Encore méconnu du grand public, l’achat d’un bien immobilier en nue-propriété permet d’investir dans un logement en bénéficiant d’une belle ristourne, pouvant aller jusqu’à 40 %. Découvrez ici tout ce qu’il faut savoir sur ce type d'investissement un peu particulier et les avantages liés à la nue-propriété.
Mieux comprendre l’achat en nue-propriété : acheter en démembrement
Un achat en nue-propriété consiste à prendre possession d’un bien immobilier sans disposer de l’usufruit. Légalement, l'usufruit est la capacité d’une personne à jouir de l’usage et de l’exploitation d’un logement. Il pourra ainsi l’utiliser en tant que résidence principale ou le mettre en location pour en tirer profit (percevoir les loyers).
Le détenteur de la nue-propriété ne pourra lui profiter de son bien qu’à l’extinction de l’usufruit temporaire ; une période fixée en règle générale entre 15 et 20 ans en matière d'achat immobilier « packagé ». Au bout de cette période, le titulaire de la nue-propriété récupérera son droit d’usufruit. Il devient alors plein propriétaire et peut habiter dans son logement, le louer au marché libre sans plafonnement ou le revendre pour en tirer une plus-value.
Généralement, le démembrement de la pleine propriété est appliqué dans le cadre d’une succession, lorsqu’une épouse continue par exemple à bénéficier de la jouissance du bien de son mari (l'usufruit), tandis que les enfants deviennent nue-propriétaires. En matière d'investissement immobilier, on peut acheter la nue-propriété du logement en passant par un monteur d'opération qui a tout packagé.
Les avantages d’un achat en nue-propriété
Le principal avantage d’un achat immobilier en nue-propriété est d’ordre financier. En effet, à l'issue de la période d’usufruit temporaire d'environ 15 ans, le nu-propriétaire devient plein propriétaire de fait, sans avoir à payer de taxes ou de charges particulières.

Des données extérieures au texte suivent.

lemma learned_EPF_uniformly_close:
  assumes leaves: "\<forall>p. valid_pos G p \<and> is_leaf (sub G p) \<longrightarrow> Ut p = U (sub G p)"
    and loss: "\<forall>p. valid_pos G p \<longrightarrow> Linf (Ut p) (target G Ut p) \<le> ereal \<epsilon>"
    and p: "valid_pos G p"
  shows "uniformly_close (\<epsilon> * depth (sub G p)) (Ut p) (U (sub G p))"
proof -
  have \<epsilon>: "0 \<le> \<epsilon>"
    using loss Linf_le_imp_nonneg valid_pos.simps(1) by blast
  have "uniformly_close (\<epsilon> * depth t) (Ut p) (U t)" if "valid_pos G p" "sub G p = t" for t p
    using that
  proof (induction t arbitrary: p)
    case (Leaf r1 r2)
    then show ?case using leaves by (simp add: uniformly_close_refl)
  next
    case (Node pl ts)
    define d where "d = depth (Node pl ts) - 1"
    have children: "uniformly_close (\<epsilon> * d) (Ut (p @ [i])) (U (ts ! i))" if "i < length ts" for i
    proof -
      have "depth (ts ! i) \<le> d" using depth_nth_less[OF that] by (simp add: d_def)
      then have "\<epsilon> * depth (ts ! i) \<le> \<epsilon> * d" using \<epsilon> by (simp add: mult_left_mono)
      then show ?thesis
        using Node.IH[of "ts ! i" "p @ [i]"] child_position[OF Node.prems that] that
        by (auto intro: uniformly_close_mono)
    qed
    have "uniformly_close (\<epsilon> * d) (target G Ut p) (U (Node pl ts))"
      using Node.prems children \<epsilon>
      by (auto simp: target_def intro!: uniformly_close_chull uniformly_close_restr)
    then have "uniformly_close (\<epsilon> + \<epsilon> * d) (Ut p) (U (Node pl ts))"
      using uniformly_close_trans Linf_le_imp_uniformly_close loss Node.prems(1) by blast
    then show ?case by (simp add: d_def algebra_simps)
  qed
  then show ?thesis using p by blast
qed

theorem theorem5:
  fixes G :: game and Ut :: "nat list \<Rightarrow> real \<Rightarrow> ereal" and \<epsilon> :: real
  assumes "wf_game G"
    and "\<forall>p. valid_pos G p \<and> is_leaf (sub G p) \<longrightarrow> Ut p = U (sub G p)"
    and "\<forall>p. valid_pos G p \<and> \<not> is_leaf (sub G p) \<longrightarrow>
           pwl_interp (Ut p) (Vlow (sub G p)) (Vup (sub G p))"
    and "\<forall>p. valid_pos G p \<longrightarrow> Linf (Ut p) (target G Ut p) \<le> ereal \<epsilon>"
  shows "\<forall>p. valid_pos G p \<longrightarrow>
           (SUP \<mu>\<in>{Vlow (sub G p)..Vup (sub G p)}. \<bar>Ut p \<mu> - U (sub G p) \<mu>\<bar>)
             \<le> ereal (\<epsilon> * real (depth G))"
proof (intro allI impI SUP_least)
  fix p \<mu> assume p: "valid_pos G p" and \<mu>: "\<mu> \<in> {Vlow (sub G p)..Vup (sub G p)}"
  have "0 \<le> \<epsilon>"
    using assms(4) Linf_le_imp_nonneg valid_pos.simps(1) by blast
  then have "\<epsilon> * depth (sub G p) \<le> \<epsilon> * depth G"
    using depth_sub_le[OF p] by (simp add: mult_left_mono)
  then have "uniformly_close (\<epsilon> * depth G) (Ut p) (U (sub G p))"
    using learned_EPF_uniformly_close[OF assms(2,4) p] by (rule uniformly_close_mono[rotated])
  moreover have "Ut p \<mu> \<noteq> \<infinity>"
    using assms(4) p Linf_le_imp_neq_infinity by blast
  moreover have "U (sub G p) \<mu> \<noteq> -\<infinity>"
    using U_neq_minf[OF wf_game_sub[OF p assms(1)]] \<mu> by auto
  ultimately show "\<bar>Ut p \<mu> - U (sub G p) \<mu>\<bar> \<le> ereal (\<epsilon> * real (depth G))"
    by (rule uniformly_close_abs_le)
qed
(* Let $K$ be an idempotent semifield. Then every finite division semialgebra $D$ over $K$ is archimedean, i.e. for every $x\in D$ there exists $y\in K$ with $x+y=y$.
   Context: A (possibly noncommutative) semiring has a commutative associative addition with identity $0$ and an associative multiplication with identity $1$, satisfying both distributive laws; a division semiring is one in which every nonzero element is invertible. A semifield is a commutative division semiring; it is idempotent if $x+x=x$ for all $x$. A division semialgebra over a semifield $K$ is a division semiring $D$ with an injective homomorphism from $K$ into the center of $D$ (identify $K$ with its image); it is finite if $D$ is finitely generated as a left $K$-semimodule. *)

theory Defs
  imports Main
begin

text \<open>Semirings in the sense of the paper: commutative monoid under addition,
monoid under multiplication, both distributive laws (no absorbing zero, no 0 \<noteq> 1).
This is exactly the sort {semiring, comm_monoid_add, monoid_mult}.\<close>

definition division_semiring :: "'a::{semiring,comm_monoid_add,monoid_mult} itself \<Rightarrow> bool" where
  "division_semiring _ \<longleftrightarrow> (\<forall>x::'a. x \<noteq> 0 \<longrightarrow> (\<exists>y. x * y = 1 \<and> y * x = 1))"

definition semifield :: "'a::{semiring,comm_monoid_add,monoid_mult} itself \<Rightarrow> bool" where
  "semifield T \<longleftrightarrow> division_semiring T \<and> (\<forall>x y::'a. x * y = y * x)"

definition idempotent_add :: "'a::{semiring,comm_monoid_add,monoid_mult} itself \<Rightarrow> bool" where
  "idempotent_add _ \<longleftrightarrow> (\<forall>x::'a. x + x = x)"

definition semiring_hom ::
  "('k::{semiring,comm_monoid_add,monoid_mult} \<Rightarrow> 'd::{semiring,comm_monoid_add,monoid_mult}) \<Rightarrow> bool" where
  "semiring_hom f \<longleftrightarrow> (\<forall>a b. f (a + b) = f a + f b) \<and> (\<forall>a b. f (a * b) = f a * f b)
      \<and> f 0 = 0 \<and> f 1 = 1"

definition division_semialgebra ::
  "('k::{semiring,comm_monoid_add,monoid_mult} \<Rightarrow> 'd::{semiring,comm_monoid_add,monoid_mult}) \<Rightarrow> bool" where
  "division_semialgebra f \<longleftrightarrow> division_semiring TYPE('d) \<and> semiring_hom f \<and> inj f
      \<and> (\<forall>k d. f k * d = d * f k)"

text \<open>Finite: D finitely generated as a left K-semimodule (action k\<cdot>x = f k * x).\<close>
definition finite_semialgebra ::
  "('k::{semiring,comm_monoid_add,monoid_mult} \<Rightarrow> 'd::{semiring,comm_monoid_add,monoid_mult}) \<Rightarrow> bool" where
  "finite_semialgebra f \<longleftrightarrow> (\<exists>S::'d set. finite S \<and>
      (\<forall>x. \<exists>c::'d \<Rightarrow> 'k. x = (\<Sum>s\<in>S. f (c s) * s)))"

definition archimedean_over ::
  "('k::{semiring,comm_monoid_add,monoid_mult} \<Rightarrow> 'd::{semiring,comm_monoid_add,monoid_mult}) \<Rightarrow> bool" where
  "archimedean_over f \<longleftrightarrow> (\<forall>x::'d. \<exists>y::'k. x + f y = f y)"

end

theory Submission
  imports Defs
begin

text \<open>Since \<open>1 + 1 = 1\<close> in \<open>K\<close>, also \<open>1 + 1 = 1\<close> in \<open>D\<close>, so \<open>D\<close> is idempotent and
\<open>a \<preceq> b \<longleftrightarrow> a + b = b\<close> is a preorder compatible with sums and products. If \<open>g\<close> is the sum
of a finite generating set, every \<open>x\<close> lies below some \<open>f k * g\<close>. Applying this to \<open>x = g * g\<close>
and cancelling the invertible \<open>g\<close> on the right gives \<open>g \<preceq> f k'\<close>, whence
\<open>x \<preceq> f k * f k' = f (k * k')\<close>.\<close>

definition add_le :: "'a::{semiring,comm_monoid_add,monoid_mult} \<Rightarrow> 'a \<Rightarrow> bool"
    (infix "\<preceq>" 50) where
  "a \<preceq> b \<longleftrightarrow> a + b = b"

lemma zero_add_le [simp]: "0 \<preceq> a"
  by (simp add: add_le_def)

lemma add_le_refl: "(\<forall>x::'a::{semiring,comm_monoid_add,monoid_mult}. x + x = x) \<Longrightarrow> a \<preceq> (a::'a)"
  by (simp add: add_le_def)

lemma add_le_trans [trans]: "a \<preceq> b \<Longrightarrow> b \<preceq> c \<Longrightarrow> a \<preceq> c"
  unfolding add_le_def by (metis add.assoc)

lemma add_le_mult_left: "a \<preceq> b \<Longrightarrow> c * a \<preceq> c * b"
  unfolding add_le_def by (metis distrib_left)

lemma add_le_mult_right: "a \<preceq> b \<Longrightarrow> a * c \<preceq> b * c"
  unfolding add_le_def by (metis distrib_right)

lemma add_le_add: "a \<preceq> b \<Longrightarrow> c \<preceq> d \<Longrightarrow> a + c \<preceq> b + d"
  unfolding add_le_def by (metis add.assoc add.left_commute)

lemma add_le_sum:
  assumes "finite S" and "\<And>s. s \<in> S \<Longrightarrow> a s \<preceq> b s"
  shows "sum a S \<preceq> sum b S"
  using assms by (induction S rule: finite_induct) (auto intro: add_le_add)

lemma member_add_le_sum:
  fixes S :: "'a::{semiring,comm_monoid_add,monoid_mult} set"
  assumes "finite S" and "s \<in> S" and "\<forall>x::'a. x + x = x"
  shows "s \<preceq> \<Sum>S"
proof -
  have "\<Sum>S = s + \<Sum>(S - {s})"
    using assms(1,2) sum.remove by fastforce
  then show ?thesis
    using assms(3) unfolding add_le_def by (metis add.assoc)
qed

text \<open>Only an inequality: without \<open>0 * g = 0\<close> the empty sum breaks distributivity.\<close>
lemma sum_mult_add_le:
  fixes h :: "'b \<Rightarrow> 'a::{semiring,comm_monoid_add,monoid_mult}"
  assumes "finite S" and "\<forall>x::'a. x + x = x"
  shows "(\<Sum>s\<in>S. h s * g) \<preceq> sum h S * g"
  using assms(1)
proof (induction S rule: finite_induct)
  case (insert s F)
  have "h s * g + (\<Sum>s\<in>F. h s * g) \<preceq> h s * g + sum h F * g"
    using insert.IH assms(2) by (simp add: add_le_add add_le_refl)
  with insert.hyps show ?case
    by (simp add: distrib_right)
qed simp

lemma semiring_hom_sum:
  assumes "semiring_hom f" and "finite S"
  shows "(\<Sum>s\<in>S. f (c s)) = f (sum c S)"
  using assms(2) by (induction S rule: finite_induct) (use assms(1) in \<open>simp_all add: semiring_hom_def\<close>)

lemma idempotent_add_image:
  fixes f :: "'k::{semiring,comm_monoid_add,monoid_mult} \<Rightarrow> 'd::{semiring,comm_monoid_add,monoid_mult}"
  assumes "semiring_hom f" and "idempotent_add TYPE('k)"
  shows "\<forall>x::'d. x + x = x"
proof
  fix x :: 'd
  have "(1::'d) + 1 = f (1 + (1::'k))"
    using assms(1) by (simp add: semiring_hom_def)
  also have "\<dots> = 1"
    using assms by (simp add: idempotent_add_def semiring_hom_def)
  finally have "x * (1 + 1) = x"
    by simp
  then show "x + x = x"
    by (simp add: distrib_left)
qed

lemma finitely_generated_bounded:
  fixes f :: "'k::{semiring,comm_monoid_add,monoid_mult} \<Rightarrow> 'd::{semiring,comm_monoid_add,monoid_mult}"
  assumes "semiring_hom f" and "\<forall>x::'d. x + x = x" and "finite_semialgebra f"
  obtains g where "\<And>x. \<exists>k. x \<preceq> f k * g"
proof -
  obtain S :: "'d set" where S: "finite S" "\<And>x. \<exists>c. x = (\<Sum>s\<in>S. f (c s) * s)"
    using assms(3) by (auto simp: finite_semialgebra_def)
  have "\<exists>k. x \<preceq> f k * \<Sum>S" for x
  proof -
    obtain c where c: "x = (\<Sum>s\<in>S. f (c s) * s)"
      using S(2) by blast
    have "x \<preceq> (\<Sum>s\<in>S. f (c s) * \<Sum>S)"
      unfolding c using S(1) assms(2)
      by (intro add_le_sum add_le_mult_left member_add_le_sum) auto
    also have "\<dots> \<preceq> f (sum c S) * \<Sum>S"
      using sum_mult_add_le[OF S(1) assms(2), of "\<lambda>s. f (c s)"]
      by (simp add: semiring_hom_sum[OF assms(1) S(1)])
    finally show ?thesis
      by blast
  qed
  then show thesis
    by (rule that)
qed

lemma archimedean_if_bounded:
  fixes f :: "'k::{semiring,comm_monoid_add,monoid_mult} \<Rightarrow> 'd::{semiring,comm_monoid_add,monoid_mult}"
  assumes "semiring_hom f" and "division_semiring TYPE('d)"
    and bounded: "\<And>x. \<exists>k. x \<preceq> f k * g"
  shows "archimedean_over f"
proof -
  obtain k' where k': "g \<preceq> f k'"
  proof (cases "g = 0")
    case True
    then show ?thesis
      using that by simp
  next
    case False
    then obtain h where h: "g * h = 1"
      using assms(2) by (auto simp: division_semiring_def)
    obtain k where "g * g \<preceq> f k * g"
      using bounded by blast
    then have "g * g * h \<preceq> f k * g * h"
      by (rule add_le_mult_right)
    with h have "g \<preceq> f k"
      by (simp add: mult.assoc)
    then show ?thesis
      by (rule that)
  qed
  show ?thesis
    unfolding archimedean_over_def
  proof
    fix x :: 'd
    obtain k where "x \<preceq> f k * g"
      using bounded by blast
    also have "\<dots> \<preceq> f k * f k'"
      using k' by (rule add_le_mult_left)
    finally have "x + f (k * k') = f (k * k')"
      using assms(1) by (simp add: add_le_def semiring_hom_def)
    then show "\<exists>y. x + f y = f y" ..
  qed
qed

theorem mainTheorem19:
  fixes f :: "'k::{semiring,comm_monoid_add,monoid_mult} \<Rightarrow> 'd::{semiring,comm_monoid_add,monoid_mult}"
  assumes "semifield TYPE('k)"
    and "idempotent_add TYPE('k)"
    and "division_semialgebra f"
    and "finite_semialgebra f"
  shows "archimedean_over f"
proof -
  have hom: "semiring_hom f" and div: "division_semiring TYPE('d)"
    using assms(3) by (auto simp: division_semialgebra_def)
  have "\<forall>x::'d. x + x = x"
    using idempotent_add_image[OF hom assms(2)] .
  then obtain g where "\<And>x. \<exists>k. x \<preceq> f k * g"
    using finitely_generated_bounded[OF hom _ assms(4)] by blast
  then show ?thesis
    using archimedean_if_bounded[OF hom div] by blast
qed

end
(* For a category $\mathbf C$ the following are equivalent: (1) $\mathbf C$ is $C$-discrete; (2) there is a final functor $S\to\mathbf C$ from a large discrete category $S$; (3) there is a large set $S$ of objects of $\mathbf C$ such that every object $c$ of $\mathbf C$ admits exactly one morphism from $c$ whose codomain lies in $S$. Moreover, when these hold, the large set $S$ in (2) or (3) is in bijection with the set of objects of a skeleton of $\mathrm{Max}(\mathbf C)$.
   Context: An object $m$ of a category $\mathbf C$ is maximal if every pair of parallel morphisms $f,g:m\to c$ (not necessarily distinct) has a common retraction, i.e. there is $h:c\to m$ with $f;h=\mathrm{id}_m=g;h$. $\mathrm{Max}(\mathbf C)$ denotes the full subcategory of maximal objects. $\mathbf C$ is $C$-discrete if the isomorphism classes of objects of $\mathrm{Max}(\mathbf C)$ form a large set (a set in the second universe of a fixed chain of Grothendieck universes) and the inclusion functor $\mathrm{Max}(\mathbf C)\hookrightarrow\mathbf C$ is final. A functor $\Phi:\mathbf D\to\mathbf C$ is final if for every object $c$ of $\mathbf C$ the comma category $c/\Phi$ is nonempty and connected. *)

theory Defs
  imports Main
begin

text \<open>A (small-or-large) category presented by its objects, arrows, domain/codomain,
  identities and composition in diagrammatic order: Comp f g = f;g (first f, then g).\<close>
record ('o, 'a) cat =
  Ob   :: "'o set"
  Ar   :: "'a set"
  Dom  :: "'a \<Rightarrow> 'o"
  Cod  :: "'a \<Rightarrow> 'o"
  Idm  :: "'o \<Rightarrow> 'a"
  Comp :: "'a \<Rightarrow> 'a \<Rightarrow> 'a"

definition hom :: "('o, 'a) cat \<Rightarrow> 'o \<Rightarrow> 'o \<Rightarrow> 'a set" where
  "hom C x y = {f \<in> Ar C. Dom C f = x \<and> Cod C f = y}"

definition category :: "('o, 'a) cat \<Rightarrow> bool" where
  "category C \<longleftrightarrow>
     (\<forall>f\<in>Ar C. Dom C f \<in> Ob C \<and> Cod C f \<in> Ob C) \<and>
     (\<forall>x\<in>Ob C. Idm C x \<in> hom C x x) \<and>
     (\<forall>f\<in>Ar C. \<forall>g\<in>Ar C. Cod C f = Dom C g \<longrightarrow> Comp C f g \<in> hom C (Dom C f) (Cod C g)) \<and>
     (\<forall>f\<in>Ar C. Comp C (Idm C (Dom C f)) f = f \<and> Comp C f (Idm C (Cod C f)) = f) \<and>
     (\<forall>f\<in>Ar C. \<forall>g\<in>Ar C. \<forall>h\<in>Ar C. Cod C f = Dom C g \<and> Cod C g = Dom C h \<longrightarrow>
         Comp C (Comp C f g) h = Comp C f (Comp C g h))"

definition is_functor :: "('p, 'b) cat \<Rightarrow> ('o, 'a) cat \<Rightarrow> ('p \<Rightarrow> 'o) \<Rightarrow> ('b \<Rightarrow> 'a) \<Rightarrow> bool" where
  "is_functor D C Fo Fa \<longleftrightarrow>
     category D \<and> category C \<and>
     (\<forall>x\<in>Ob D. Fo x \<in> Ob C) \<and>
     (\<forall>u\<in>Ar D. Fa u \<in> hom C (Fo (Dom D u)) (Fo (Cod D u))) \<and>
     (\<forall>x\<in>Ob D. Fa (Idm D x) = Idm C (Fo x)) \<and>
     (\<forall>u\<in>Ar D. \<forall>v\<in>Ar D. Cod D u = Dom D v \<longrightarrow> Fa (Comp D u v) = Comp C (Fa u) (Fa v))"

definition comma_ob :: "('p, 'b) cat \<Rightarrow> ('o, 'a) cat \<Rightarrow> ('p \<Rightarrow> 'o) \<Rightarrow> 'o \<Rightarrow> ('p \<times> 'a) set" where
  "comma_ob D C Fo c = {(d, f). d \<in> Ob D \<and> f \<in> hom C c (Fo d)}"

definition comma_rel :: "('p, 'b) cat \<Rightarrow> ('o, 'a) cat \<Rightarrow> ('p \<Rightarrow> 'o) \<Rightarrow> ('b \<Rightarrow> 'a) \<Rightarrow> 'o
    \<Rightarrow> (('p \<times> 'a) \<times> ('p \<times> 'a)) set" where
  "comma_rel D C Fo Fa c =
     {((d, f), (d', f')). (d, f) \<in> comma_ob D C Fo c \<and> (d', f') \<in> comma_ob D C Fo c \<and>
        (\<exists>u\<in>hom D d d'. Comp C f (Fa u) = f')}"

text \<open>Final is_functor: every comma category c/\<Phi> is nonempty and connected (any two objects
  are linked by a finite zig-zag of morphisms).\<close>
definition final :: "('p, 'b) cat \<Rightarrow> ('o, 'a) cat \<Rightarrow> ('p \<Rightarrow> 'o) \<Rightarrow> ('b \<Rightarrow> 'a) \<Rightarrow> bool" where
  "final D C Fo Fa \<longleftrightarrow> is_functor D C Fo Fa \<and>
     (\<forall>c\<in>Ob C. comma_ob D C Fo c \<noteq> {} \<and>
        (\<forall>x\<in>comma_ob D C Fo c. \<forall>y\<in>comma_ob D C Fo c.
           (x, y) \<in> (comma_rel D C Fo Fa c \<union> (comma_rel D C Fo Fa c)\<inverse>)\<^sup>*))"

definition maximal :: "('o, 'a) cat \<Rightarrow> 'o \<Rightarrow> bool" where
  "maximal C m \<longleftrightarrow> m \<in> Ob C \<and>
     (\<forall>c f g. f \<in> hom C m c \<and> g \<in> hom C m c \<longrightarrow>
        (\<exists>h\<in>hom C c m. Comp C f h = Idm C m \<and> Comp C g h = Idm C m))"

definition MaxCat :: "('o, 'a) cat \<Rightarrow> ('o, 'a) cat" where
  "MaxCat C = \<lparr> Ob = {m. maximal C m},
                Ar = {f \<in> Ar C. maximal C (Dom C f) \<and> maximal C (Cod C f)},
                Dom = Dom C, Cod = Cod C, Idm = Idm C, Comp = Comp C \<rparr>"

definition isomorphic :: "('o, 'a) cat \<Rightarrow> 'o \<Rightarrow> 'o \<Rightarrow> bool" where
  "isomorphic C x y \<longleftrightarrow> (\<exists>f\<in>hom C x y. \<exists>g\<in>hom C y x.
      Comp C f g = Idm C x \<and> Comp C g f = Idm C y)"

definition iso_classes :: "('o, 'a) cat \<Rightarrow> 'o set set" where
  "iso_classes C = {{y \<in> Ob C. isomorphic C x y} | x. x \<in> Ob C}"

definition skeleton_obs :: "('o, 'a) cat \<Rightarrow> 'o set \<Rightarrow> bool" where
  "skeleton_obs C R \<longleftrightarrow> R \<subseteq> Ob C \<and>
     (\<forall>x\<in>Ob C. \<exists>r\<in>R. isomorphic C x r) \<and>
     (\<forall>r\<in>R. \<forall>r'\<in>R. isomorphic C r r' \<longrightarrow> r = r')"

text \<open>"Large set": a set of size at most that of the fixed second universe, modelled by a
  fixed parameter set U (injectability into U).\<close>
definition large :: "'u set \<Rightarrow> 'x set \<Rightarrow> bool" where
  "large U X \<longleftrightarrow> (\<exists>f. inj_on f X \<and> f ` X \<subseteq> U)"

definition C_discrete :: "'u set \<Rightarrow> ('o, 'a) cat \<Rightarrow> bool" where
  "C_discrete U C \<longleftrightarrow> large U (iso_classes (MaxCat C)) \<and> final (MaxCat C) C id id"

definition discrete_cat :: "'s set \<Rightarrow> ('s, 's) cat" where
  "discrete_cat S = \<lparr> Ob = S, Ar = S, Dom = id, Cod = id, Idm = id, Comp = (\<lambda>f g. f) \<rparr>"

end

theory Submission
  imports Defs
begin

text \<open>Call a set S of objects a unique arrow set if every object has exactly one arrow into S.
  Its elements are maximal: for f, g : t \<rightarrow> c and the arrow k from c into S, both f;k and g;k
  are arrows from t into S, hence equal to the identity of t. Arrows between maximal objects are
  isomorphisms, so each maximal object is isomorphic to exactly one element of S, and S is a
  skeleton of Max(C). Conversely, if Max(C) is final, the comma categories c/Max(C) are groupoids
  in which connectedness forces all arrows from c into a skeleton to coincide. A functor from a
  discrete category has discrete comma categories, so it is final exactly when it is injective on
  objects with a unique arrow set as image.\<close>

lemma large_if_bij_betw:
  assumes "bij_betw g B A" and "large U A"
  shows "large U B"
proof -
  obtain e where e: "inj_on e A" "e ` A \<subseteq> U" using assms(2) unfolding large_def by blast
  have "inj_on (e \<circ> g) B" using assms(1) e(1) by (auto simp: bij_betw_def intro: comp_inj_on)
  moreover have "(e \<circ> g) ` B \<subseteq> U" using assms(1) e(2) by (auto simp: bij_betw_def)
  ultimately show ?thesis unfolding large_def by blast
qed

lemma large_bij_betw:
  assumes "bij_betw b X Y"
  shows "large U X \<longleftrightarrow> large U Y"
  using large_if_bij_betw[OF assms] large_if_bij_betw[OF bij_betw_the_inv_into[OF assms]] by blast

lemma comma_ob_iff: "(d, f) \<in> comma_ob D C Fo c \<longleftrightarrow> d \<in> Ob D \<and> f \<in> hom C c (Fo d)"
  unfolding comma_ob_def by simp

lemma comma_rel_iff:
  "((d, f), (d', f')) \<in> comma_rel D C Fo Fa c \<longleftrightarrow>
     (d, f) \<in> comma_ob D C Fo c \<and> (d', f') \<in> comma_ob D C Fo c \<and>
     (\<exists>u\<in>hom D d d'. Comp C f (Fa u) = f')"
  unfolding comma_rel_def by simp

locale Cat =
  fixes C :: "('o, 'a) cat"
  assumes category: "category C"
begin

lemma hom_Ob: "f \<in> hom C x y \<Longrightarrow> x \<in> Ob C \<and> y \<in> Ob C"
proof -
  have "\<forall>f\<in>Ar C. Dom C f \<in> Ob C \<and> Cod C f \<in> Ob C"
    using category unfolding category_def by (elim conjE)
  then show "f \<in> hom C x y \<Longrightarrow> x \<in> Ob C \<and> y \<in> Ob C" unfolding hom_def by blast
qed

lemma Idm_hom: "x \<in> Ob C \<Longrightarrow> Idm C x \<in> hom C x x"
  using category unfolding category_def by (elim conjE) blast

lemma Comp_hom: "f \<in> hom C x y \<Longrightarrow> g \<in> hom C y z \<Longrightarrow> Comp C f g \<in> hom C x z"
proof -
  have "\<forall>f\<in>Ar C. \<forall>g\<in>Ar C. Cod C f = Dom C g \<longrightarrow> Comp C f g \<in> hom C (Dom C f) (Cod C g)"
    using category unfolding category_def by (elim conjE)
  then show "f \<in> hom C x y \<Longrightarrow> g \<in> hom C y z \<Longrightarrow> Comp C f g \<in> hom C x z"
    by (simp add: hom_def)
qed

lemma Comp_Idm_left_right:
  assumes "f \<in> hom C x y"
  shows "Comp C (Idm C x) f = f \<and> Comp C f (Idm C y) = f"
proof -
  have "\<forall>f\<in>Ar C. Comp C (Idm C (Dom C f)) f = f \<and> Comp C f (Idm C (Cod C f)) = f"
    using category unfolding category_def by (elim conjE)
  then show ?thesis using assms unfolding hom_def by blast
qed

lemma Comp_Idm_left: "f \<in> hom C x y \<Longrightarrow> Comp C (Idm C x) f = f"
  using Comp_Idm_left_right by blast

lemma Comp_Idm_right: "f \<in> hom C x y \<Longrightarrow> Comp C f (Idm C y) = f"
  using Comp_Idm_left_right by blast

Au moment de l’achat, l’avantage est tout aussi pertinent car le futur nu-propriétaire ne s’acquittera que d’une partie du prix du bien, dont la décote peut aller jusqu’à 40 %. Logique, en acceptant de ne pas percevoir pendant une longue période les loyers, il se 'récupère' en payant moins cher le lot.
Le reste du prix global du lot est complété par un usufruitier ; habituellement un acteur institutionnel (comme une banque, une institution publique, une grande entreprise, un bailleur social…) qui souhaite placer sa trésorerie dans un placement à moyen long terme offrant une excellente visibilité ou renforcer son parc de logements à loyers intermédiaires.
Pour l'investisseur en nue propriété , les frais de notaire n’entrent en compte que sur la base du prix de la nue-propriété : autre économie substantielle.
La valeur d'acquisition du lot n’entre pas en compte dans le calcul de l’impôt de solidarité sur la fortune (ISF). Sans perception de loyers pendant plusieurs années, l'exploitation du bien ne génère pas d'impôts sur le revenus (IRPP). Notons aussi que c’est l’usufruitier qui paie les taxes liés au logement. Tout cela permet ainsi de placer son épargne sans alourdir sa fiscalité.
En cas de revente à l’extinction de l’usufruit, la plus-value immobilière est calculée sur la base du prix en pleine propriété. Au final, il s’agit d’un placement immobilier de long terme rentable, sans aucun soucis de gestion, et fiscalement privilégié.